Well pimping hate to tell you if you have replaced all of that your last resource can be a blown head gasket. Does your car smoke? If you see white smoke its because its burning the water through the head gasket. :-\
Or just check for water leaks first.


----------



## metro273 (Sep 16, 2005)

scarulo said:


> Ok i have a 2004 Nissan Altima 2.5s and the dang car won't stop overheating. Everything is Nissan Original parts and so far I have replaced:
> 
> Thermostat
> Valve Assyway
> ...


HEAD GASKET... :thumbup: We've done plenty of them at the Nissan dealership I work at.


----------



## dvdswanson (Nov 6, 2005)

is it actually overheating or is the gauge telling you that? check the sending unit before dropping big bucks.


----------



## Bror Jace (Apr 26, 2003)

Yes, chronic overheating is _usually_ a sign of head-gasket leaking. 

Some of the classic signs such as white tailpipe smoke won't show up unless the leak is very big. 

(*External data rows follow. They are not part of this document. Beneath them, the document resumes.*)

(* Let $K$ be a compact Hausdorff space, $I$ a set, and $S:c_0(I)\to C(K)$ a linear isometric embedding. Let $\{\xi_i:i\in I\}\subseteq C(K)$ be the image under $S$ of the canonical unit vector basis of $c_0(I)$ and set $G=\bigcap_{i\in I}\xi_i^{-1}(0)$. Then the image of $S$ is complemented in $C(K|G)$.
   Context: $C(K)$ is the Banach space of real-valued continuous functions on $K$ with the supremum norm; for a closed $G\subseteq K$, $C(K|G)$ denotes the closed subspace of functions in $C(K)$ vanishing on $G$. *)

theory Defs
  imports "HOL-Analysis.Analysis"
begin

definition c0 :: "'i set \<Rightarrow> ('i \<Rightarrow> real) set" where
  "c0 I = {x. (\<forall>i. i \<notin> I \<longrightarrow> x i = 0) \<and>
              (\<forall>e>0. finite {i\<in>I. e \<le> \<bar>x i\<bar>})}"

text \<open>Supremum norm on c_0(I) (entries outside I are 0, so the sup over UNIV is the
sup over I, and it is 0 when I is empty).\<close>
definition c0_norm :: "('i \<Rightarrow> real) \<Rightarrow> real" where
  "c0_norm x = (SUP i. \<bar>x i\<bar>)"

definition unit_vec :: "'i \<Rightarrow> 'i \<Rightarrow> real" where
  "unit_vec i = (\<lambda>j. if j = i then 1 else 0)"

text \<open>C(K|G): continuous functions on K vanishing on G (K compact, so C(K) = bcontfun).\<close>
definition CKG :: "'a::topological_space set \<Rightarrow> ('a, real) bcontfun set" where
  "CKG G = {f. \<forall>t\<in>G. apply_bcontfun f t = 0}"

definition complemented_in :: "('a::topological_space, real) bcontfun set \<Rightarrow> ('a, real) bcontfun set \<Rightarrow> bool" where
  "complemented_in Y Z \<longleftrightarrow> Y \<subseteq> Z \<and>
     (\<exists>P. (\<forall>f\<in>Z. \<forall>g\<in>Z. P (f + g) = P f + P g) \<and>
          (\<forall>c. \<forall>f\<in>Z. P (c *\<^sub>R f) = c *\<^sub>R P f) \<and>
          (\<exists>B. \<forall>f\<in>Z. norm (P f) \<le> B * norm f) \<and>
          P ` Z \<subseteq> Y \<and> (\<forall>f\<in>Y. P f = f))"

end

theory Submission
  imports Defs
begin

text \<open>Write \<open>\<xi>\<^sub>i = S e\<^sub>i\<close>. Isometry gives \<open>\<parallel>\<xi>\<^sub>i\<parallel> = 1\<close> and \<open>|\<xi>\<^sub>i \<plusminus> \<xi>\<^sub>j| \<le> 1\<close> pointwise for
  \<open>i \<noteq> j\<close>, so at a point \<open>t\<^sub>i\<close> where \<open>|\<xi>\<^sub>i|\<close> attains the value 1 all other \<open>\<xi>\<^sub>j\<close> vanish.
  Since finitely supported vectors are dense in \<open>c\<^sub>0(I)\<close>, evaluation of \<open>S x\<close> at \<open>t\<^sub>i\<close> returns
  \<open>x\<^sub>i \<xi>\<^sub>i(t\<^sub>i)\<close>, and \<open>S x\<close> vanishes on \<open>G\<close>. Hence \<open>f \<mapsto> S (\<xi>\<^sub>i(t\<^sub>i) f(t\<^sub>i))\<^sub>i\<close> is a norm-one
  projection of \<open>C(K|G)\<close> onto the image of \<open>S\<close>; the coefficient family lies in \<open>c\<^sub>0(I)\<close> because
  the compact set \<open>{|f| \<ge> \<epsilon>}\<close> misses \<open>G\<close>, so it is covered by finitely many of the open sets
  \<open>{\<xi>\<^sub>j \<noteq> 0}\<close>, and \<open>t\<^sub>i\<close> lies in \<open>{\<xi>\<^sub>j \<noteq> 0}\<close> only for \<open>j = i\<close>.\<close>

lemma c0_finite_support:
  assumes "finite F" "F \<subseteq> I" "\<And>i. i \<notin> F \<Longrightarrow> x i = 0"
  shows "x \<in> c0 I"
  unfolding c0_def
proof (intro CollectI conjI allI impI)
  fix i assume "i \<notin> I" then show "x i = 0" using assms by auto
next
  fix e :: real assume "e > 0"
  then have "{i\<in>I. e \<le> \<bar>x i\<bar>} \<subseteq> F" using assms by force
  then show "finite {i\<in>I. e \<le> \<bar>x i\<bar>}" using assms(1) finite_subset by blast
qed

lemma unit_vec_in_c0: "i \<in> I \<Longrightarrow> unit_vec i \<in> c0 I"
  by (rule c0_finite_support[of "{i}"]) (auto simp: unit_vec_def)

lemma c0_vanishes_outside: "x \<in> c0 I \<Longrightarrow> i \<notin> I \<Longrightarrow> x i = 0"
  by (simp add: c0_def)

lemma finite_c0_level_set: "x \<in> c0 I \<Longrightarrow> e > 0 \<Longrightarrow> finite {i\<in>I. e \<le> \<bar>x i\<bar>}"
  by (simp add: c0_def)

lemma c0_add:
  assumes "x \<in> c0 I" "y \<in> c0 I"
  shows "(\<lambda>i. x i + y i) \<in> c0 I"
  unfolding c0_def
proof (intro CollectI conjI allI impI)
  fix i assume "i \<notin> I" then show "x i + y i = 0" using assms by (simp add: c0_vanishes_outside)
next
  fix e :: real assume "e > 0"
  have "{i\<in>I. e \<le> \<bar>x i + y i\<bar>} \<subseteq> {i\<in>I. e/2 \<le> \<bar>x i\<bar>} \<union> {i\<in>I. e/2 \<le> \<bar>y i\<bar>}"
    by auto
  moreover have "finite ({i\<in>I. e/2 \<le> \<bar>x i\<bar>} \<union> {i\<in>I. e/2 \<le> \<bar>y i\<bar>})"
    using finite_c0_level_set[OF assms(1), of "e/2"] finite_c0_level_set[OF assms(2), of "e/2"]
      \<open>e > 0\<close> by simp
  ultimately show "finite {i\<in>I. e \<le> \<bar>x i + y i\<bar>}" by (rule finite_subset)
qed

lemma c0_scale:
  assumes "x \<in> c0 I"
  shows "(\<lambda>i. c * x i) \<in> c0 I"
proof (cases "c = 0")
  case True then show ?thesis by (intro c0_finite_support[of "{}"]) auto
next
  case False
  show ?thesis unfolding c0_def
  proof (intro CollectI conjI allI impI)
    fix i assume "i \<notin> I" then show "c * x i = 0" using assms by (simp add: c0_vanishes_outside)
  next
    fix e :: real assume "e > 0"
    have "{i\<in>I. e \<le> \<bar>c * x i\<bar>} = {i\<in>I. e / \<bar>c\<bar> \<le> \<bar>x i\<bar>}"
      using False by (auto simp: abs_mult field_simps)
    then show "finite {i\<in>I. e \<le> \<bar>c * x i\<bar>}"
      using assms \<open>e > 0\<close> False by (simp add: finite_c0_level_set)
  qed
qed

lemma c0_norm_le: "(\<And>i. \<bar>x i\<bar> \<le> e) \<Longrightarrow> c0_norm x \<le> e"
  unfolding c0_norm_def by (rule cSUP_least) auto

lemma abs_le_c0_norm:
  assumes "x \<in> c0 I"
  shows "\<bar>x i\<bar> \<le> c0_norm x"
proof -
  have range: "range (\<lambda>i. \<bar>x i\<bar>) \<subseteq> (\<lambda>i. \<bar>x i\<bar>) ` {i\<in>I. 1 \<le> \<bar>x i\<bar>} \<union> {..1}"
  proof clarify
    fix i assume "\<bar>x i\<bar> \<notin> (\<lambda>i. \<bar>x i\<bar>) ` {i\<in>I. 1 \<le> \<bar>x i\<bar>}"
    then show "\<bar>x i\<bar> \<le> 1" using assms by (cases "i \<in> I") (auto simp: c0_vanishes_outside)
  qed
  have "bdd_above ((\<lambda>i. \<bar>x i\<bar>) ` {i\<in>I. 1 \<le> \<bar>x i\<bar>} \<union> {..1})"
    using assms by (simp add: finite_c0_level_set bdd_above_finite)
  then have "bdd_above (range (\<lambda>i. \<bar>x i\<bar>))" using range by (rule bdd_above_mono)
  then show ?thesis unfolding c0_norm_def by (rule cSUP_upper[OF UNIV_I])
qed

lemma c0_norm_unit_vec: "i \<in> I \<Longrightarrow> c0_norm (unit_vec i) = 1"
  using abs_le_c0_norm[OF unit_vec_in_c0, of i I i]
  by (intro antisym c0_norm_le) (auto simp: unit_vec_def)

lemma c0_finite_support_approx:
  assumes x: "x \<in> c0 I" and e: "e > 0"
  obtains F y z where "finite F" "F \<subseteq> I" "\<And>i. i \<notin> F \<Longrightarrow> y i = 0"
    "z \<in> c0 I" "c0_norm z \<le> e" "x = (\<lambda>i. y i + z i)"
proof
  define F where "F = {i\<in>I. e \<le> \<bar>x i\<bar>}"
  show "finite F" using x e by (simp add: F_def finite_c0_level_set)
  show "F \<subseteq> I" by (auto simp: F_def)
  define y where "y i = (if i \<in> F then x i else 0)" for i
  show "y i = 0" if "i \<notin> F" for i using that by (simp add: y_def)
  then have "y \<in> c0 I" by (rule c0_finite_support[OF \<open>finite F\<close> \<open>F \<subseteq> I\<close>])
  define z where "z i = x i + (-1) * y i" for i
  show "z \<in> c0 I" unfolding z_def by (rule c0_add[OF x c0_scale[OF \<open>y \<in> c0 I\<close>]])
  show "c0_norm z \<le> e"
  proof (rule c0_norm_le)
    fix i
    show "\<bar>z i\<bar> \<le> e"
      using e x by (cases "i \<in> I") (auto simp: z_def y_def F_def c0_vanishes_outside)
  qed
  show "x = (\<lambda>i. y i + z i)" by (simp add: z_def)
qed

lemma c0_functional_finite_support_eq_zero:
  assumes add: "\<And>x y. x \<in> c0 I \<Longrightarrow> y \<in> c0 I \<Longrightarrow> \<phi> (\<lambda>i. x i + y i) = \<phi> x + \<phi> y"
    and scale: "\<And>c x. x \<in> c0 I \<Longrightarrow> \<phi> (\<lambda>i. c * x i) = c * \<phi> x"
    and unit: "\<And>j. j \<in> I \<Longrightarrow> \<phi> (unit_vec j) = 0"
  shows "finite F \<Longrightarrow> F \<subseteq> I \<Longrightarrow> (\<And>i. i \<notin> F \<Longrightarrow> x i = 0) \<Longrightarrow> \<phi> x = 0"
proof (induction F arbitrary: x rule: finite_induct)
  case empty
  have "(\<lambda>i. 0) \<in> c0 I" by (rule c0_finite_support[of "{}"]) auto
  moreover have "x = (\<lambda>i. 0 * 0)" using empty by auto
  ultimately show ?case using scale[of "\<lambda>i. 0" 0] by simp
next
  case (insert a F)
  define x' where "x' = x(a := 0)"
  have x': "x' \<in> c0 I" using insert by (intro c0_finite_support[of F]) (auto simp: x'_def)
  have a: "unit_vec a \<in> c0 I" using insert by (intro unit_vec_in_c0) auto
  have "x = (\<lambda>i. x' i + x a * unit_vec a i)" by (auto simp: x'_def unit_vec_def)
  then have "\<phi> x = \<phi> x' + x a * \<phi> (unit_vec a)"
    using add[OF x' c0_scale[OF a]] scale[OF a] by metis
  moreover have "\<phi> x' = 0" using insert by (intro insert.IH) (auto simp: x'_def)
  ultimately show ?case using unit insert by simp
qed

lemma c0_functional_eq_zero:
  assumes add: "\<And>x y. x \<in> c0 I \<Longrightarrow> y \<in> c0 I \<Longrightarrow> \<phi> (\<lambda>i. x i + y i) = \<phi> x + \<phi> y"
    and scale: "\<And>c x. x \<in> c0 I \<Longrightarrow> \<phi> (\<lambda>i. c * x i) = c * \<phi> x"
    and bound: "\<And>x. x \<in> c0 I \<Longrightarrow> \<bar>\<phi> x\<bar> \<le> B * c0_norm x"
    and unit: "\<And>j. j \<in> I \<Longrightarrow> \<phi> (unit_vec j) = 0"
    and x: "x \<in> c0 I"
  shows "\<phi> x = 0"
proof -
  have small: "\<bar>\<phi> x\<bar> \<le> \<bar>B\<bar> * e" if "e > 0" for e
  proof -
    obtain F y z where F: "finite F" "F \<subseteq> I" "\<And>i. i \<notin> F \<Longrightarrow> y i = 0"
      and z: "z \<in> c0 I" "c0_norm z \<le> e" and xyz: "x = (\<lambda>i. y i + z i)"
      using c0_finite_support_approx[OF x \<open>e > 0\<close>] by blast
    have y: "y \<in> c0 I" using F by (rule c0_finite_support)
    have "\<phi> y = 0" using c0_functional_finite_support_eq_zero[OF add scale unit F] .
    then have "\<phi> x = \<phi> z" using add[OF y z(1)] xyz by simp
    also have "\<bar>\<phi> z\<bar> \<le> \<bar>B\<bar> * c0_norm z"
    proof -
      have "0 \<le> c0_norm z" using abs_le_c0_norm[OF z(1)] abs_ge_zero order_trans by blast
      then have "B * c0_norm z \<le> \<bar>B\<bar> * c0_norm z" by (simp add: mult_right_mono)
      then show ?thesis using bound[OF z(1)] by linarith
    qed
    also have "\<dots> \<le> \<bar>B\<bar> * e" using z(2) by (simp add: mult_left_mono)
    finally show ?thesis .
  qed
  have "\<bar>\<phi> x\<bar> \<le> 0 + e" if "e > 0" for e
  proof (cases "B = 0")
    case True then show ?thesis using small[of 1] that by simp
  next
    case False then show ?thesis using small[of "e / \<bar>B\<bar>"] that by simp
  qed
  then show ?thesis using field_le_epsilon[of "\<bar>\<phi> x\<bar>" 0] by simp
qed

locale c0_isometric_embedding =
  fixes I :: "'i set" and S :: "('i \<Rightarrow> real) \<Rightarrow> ('a::topological_space, real) bcontfun"
  assumes S_add: "\<And>x y. x \<in> c0 I \<Longrightarrow> y \<in> c0 I \<Longrightarrow> S (\<lambda>i. x i + y i) = S x + S y"
    and S_scale: "\<And>c x. x \<in> c0 I \<Longrightarrow> S (\<lambda>i. c * x i) = c *\<^sub>R S x"
    and S_isom: "\<And>x. x \<in> c0 I \<Longrightarrow> norm (S x) = c0_norm x"
begin

abbreviation \<xi> :: "'i \<Rightarrow> 'a \<Rightarrow> real" where
  "\<xi> i \<equiv> apply_bcontfun (S (unit_vec i))"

The best way to look for evidence of this is to send a sample of your used oil to a lab like this and have a UOA done (Used Oil Analysis): 

http://www.blackstone-labs.com

They'll look for signs of excessive sodium and potassium and the accelerated wear that goes along with coolant leaks.

Cost is $20-$25


----------



## gfriedman (Oct 12, 2005)

Shouldn't this be a warranty item??


----------



## rps180 (Aug 20, 2005)

Or just pull the spark plugs and check to see if there is any signs of coolant fouling on the plug. It will be white.


----------



## Bror Jace (Apr 26, 2003)

The reason I push UOAs as the best test for coolant leaks is that they will show even _slight_ coolant leaks before the more obvious signs (such as white-fouled plugs) show up.


----------



## JoJap (Jan 14, 2006)

Get an actual thermometer and check the temperature of your cooling system when your guage says it is hot. Get your wife's kitchen thermometer... you know the one she uses to make sure the candy is hot... 

Just make sure and warm up your engine with the radiator cap OFF. Don't try to remove it when the engine is warm or you'll peel off the first layer of skin on your face.

Compare the temperature on the thermometer and your gauge.


----------



## VALERIE (Jan 4, 2006)

I just have a question regarding this. If you have a blown head-gasket, could this keep your car from starting?


----------



## KraZThug (Dec 27, 2005)

VALERIE said:


> I just have a question regarding this. If you have a blown head-gasket, could this keep your car from starting?


posibly because the engine would loose cranking compression on the cylinders depending on how bad it over heated and how bad the head gasket is.See what the specs cranking compression is, and do a cranking compression test.


----------